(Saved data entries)
■ ■ ■ ■ ■ ■ ■

(* Let $X$ be a first countable, connected, locally path connected space, $n\in\mathbb{N}$, and let $A_1,\dots,A_n$ be pairwise disjoint, path connected, closed subsets of $X$. Let $p:X\to X/(A_1,\dots,A_n)$ be the associated quotient map. Then for every $a\in\bigcup_{i=1}^nA_i$, with $*=p(a)$, $\overline{p_*\pi_1^{top}(X,a)}=\pi_1^{top}(X/(A_1,\dots,A_n),* )$.
   Context: For subsets $A_1,\dots,A_n$ of a space $X$, $X/(A_1,\dots,A_n)$ denotes the quotient space obtained by collapsing each $A_i$ to a point, with quotient map $p$. $\pi_1^{top}(X,x)$ is $\pi_1(X,x)$ with the quotient topology from the loop space $\Omega(X,x)$ with the compact-open topology; $p_*$ is the induced continuous homomorphism. *)

theory Defs
  imports "HOL-Analysis.Analysis"
begin

definition quot_top :: "'a topology \<Rightarrow> ('a \<Rightarrow> 'b) \<Rightarrow> 'b topology" where
  "quot_top X f = topology (\<lambda>U. U \<subseteq> f ` topspace X \<and> openin X {x \<in> topspace X. f x \<in> U})"

text \<open>X/(A_1,...,A_n): each point is sent to the A_i containing it, or to its singleton.\<close>
definition collapse_pt :: "nat \<Rightarrow> (nat \<Rightarrow> 'a set) \<Rightarrow> 'a \<Rightarrow> 'a set" where
  "collapse_pt n A x = (if \<exists>i\<in>{1..n}. x \<in> A i then A (SOME i. i \<in> {1..n} \<and> x \<in> A i) else {x})"

definition collapse_space :: "'a topology \<Rightarrow> nat \<Rightarrow> (nat \<Rightarrow> 'a set) \<Rightarrow> 'a set topology" where
  "collapse_space X n A = quot_top X (collapse_pt n A)"

definition loops :: "'a topology \<Rightarrow> 'a \<Rightarrow> (real \<Rightarrow> 'a) set" where
  "loops X x = {g. pathin X g \<and> g 0 = x \<and> g 1 = x}"

definition loop_space :: "'a topology \<Rightarrow> 'a \<Rightarrow> (real \<Rightarrow> 'a) topology" where
  "loop_space X x = subtopology
     (topology_generated_by {{g. g ` K \<subseteq> U} | K U. compactin (top_of_set {0..1}) K \<and> openin X U})
     (loops X x)"

definition path_homotopic :: "'a topology \<Rightarrow> (real \<Rightarrow> 'a) \<Rightarrow> (real \<Rightarrow> 'a) \<Rightarrow> bool" where
  "path_homotopic X p q = homotopic_with (\<lambda>r. r 0 = p 0 \<and> r 1 = p 1) (top_of_set {0..1}) X p q"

■ ■ ■ ■ ■ ■ ■

Task:
Pull out all lines containing the word "dots" from the entries above.

Response to this task:
(* Let $X$ be a first countable, connected, locally path connected space, $n\in\mathbb{N}$, and let $A_1,\dots,A_n$ be pairwise disjoint, path connected, closed subsets of $X$. Let $p:X\to X/(A_1,\dots,A_n)$ be the associated quotient map. Then for every $a\in\bigcup_{i=1}^nA_i$, with $*=p(a)$, $\overline{p_*\pi_1^{top}(X,a)}=\pi_1^{top}(X/(A_1,\dots,A_n),* )$.
   Context: For subsets $A_1,\dots,A_n$ of a space $X$, $X/(A_1,\dots,A_n)$ denotes the quotient space obtained by collapsing each $A_i$ to a point, with quotient map $p$. $\pi_1^{top}(X,x)$ is $\pi_1(X,x)$ with the quotient topology from the loop space $\Omega(X,x)$ with the compact-open topology; $p_*$ is the induced continuous homomorphism. *)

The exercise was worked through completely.